lemma truncate_in_feasible_box:
  assumes "x \<in> feasible_N B N"
  shows "truncate N x \<in> feasible_box N"
proof -
  have x_le_B: "x j \<le> B" if "j \<in> {1..N}" for j
  proof -
    have "x j \<le> (\<Sum>i=1..N. x i)"
      using assms that by (intro member_le_sum) (auto simp: feasible_N_def)
    then show ?thesis
      using assms by (simp add: feasible_N_def)
  qed
  show ?thesis
    using assms x_le_B
    by (auto simp: feasible_box_def feasible_N_def PiE_iff psum_truncate truncate_def psum_def)
qed

lemma T_closed_truncate: "T_closed N (truncate N x) = T_closed N x"
  by (rule T_closed_cong) (simp add: truncate_def)

lemma T_closed_attains_max: "\<exists>x\<in>feasible_N B N. \<forall>y\<in>feasible_N B N. T_closed N y \<le> T_closed N x"
proof -
  have "(\<lambda>_. 0) \<in> feasible_N B N"
    using B_pos by (simp add: feasible_N_def)
  then have "feasible_box N \<noteq> {}"
    using truncate_in_feasible_box by blast
  then obtain x where x: "x \<in> feasible_box N" "\<forall>y\<in>feasible_box N. T_closed N y \<le> T_closed N x"
    using continuous_attains_sup[OF compact_feasible_box _
        continuous_on_subset[OF continuous_on_T_closed feasible_box_subset]]
    by blast
  have "T_closed N y \<le> T_closed N x" if "y \<in> feasible_N B N" for y
    using x(2) truncate_in_feasible_box[OF that] T_closed_truncate by metis
  then show ?thesis
    using x(1) feasible_box_subset by blast
qed

lemma T_N_star_eq_max:
  assumes "x \<in> feasible_N B N" "\<And>y. y \<in> feasible_N B N \<Longrightarrow> T_closed N y \<le> T_closed N x"
  shows "T_N_star p \<gamma> B w N = T_closed N x"
  unfolding T_N_star_def T_N_eq_T_closed using assms by (intro cSup_eq_maximum) auto

lemma T_closed_improve_slack:
  assumes x: "x \<in> feasible_N B N" and slack: "psum x N < B"
  obtains y where "y \<in> feasible_N B (Suc N)" "T_closed N x < T_closed (Suc N) y"
proof
  define D where "D = B - psum x N"
  define t where "t = D / (2 * (1 + real w))"
  have D_pos: "0 < D" and t_pos: "0 < t"
    using slack by (auto simp: D_def t_def)
  have "t * (1 + real w) = D / 2"
    by (simp add: t_def field_simps)
  then have t_small: "t * (1 + real w) < D"
    using D_pos by linarith
  have "t \<le> t * (1 + real w)"
    using t_pos by simp
  then have "t < D"
    using t_small by linarith
  show "x(Suc N := t) \<in> feasible_N B (Suc N)"
    using x t_pos \<open>t < D\<close> by (auto simp: feasible_N_def D_def psum_def)
  have "real w * log 2 (1 + \<gamma> * D / real w) < log 2 (1 + \<gamma> * t) + real w * log 2 (1 + \<gamma> * (D - t) / real w)"
    using \<gamma>_pos w_pos t_pos t_small by (intro mult_log_add_one_lt_split) auto
  moreover have "residual (psum x N + t) = real w / 2 * log 2 (1 + \<gamma> * (D - t) / real w)"
    and "residual (psum x N) = real w / 2 * log 2 (1 + \<gamma> * D / real w)"
    by (simp_all add: residual_def D_def algebra_simps)
  ultimately have "0 < rate t / 2 + residual (psum x N + t) - residual (psum x N)"
    by (simp add: rate_def field_simps)
  then show "T_closed N x < T_closed (Suc N) (x(Suc N := t))"
    using \<alpha>_pos by (simp add: T_closed_extend)
qed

#####

**TRY IT**
From the material above, count the lines that include "assumes" and give only the total.

**WRITTEN RESPONSE**
3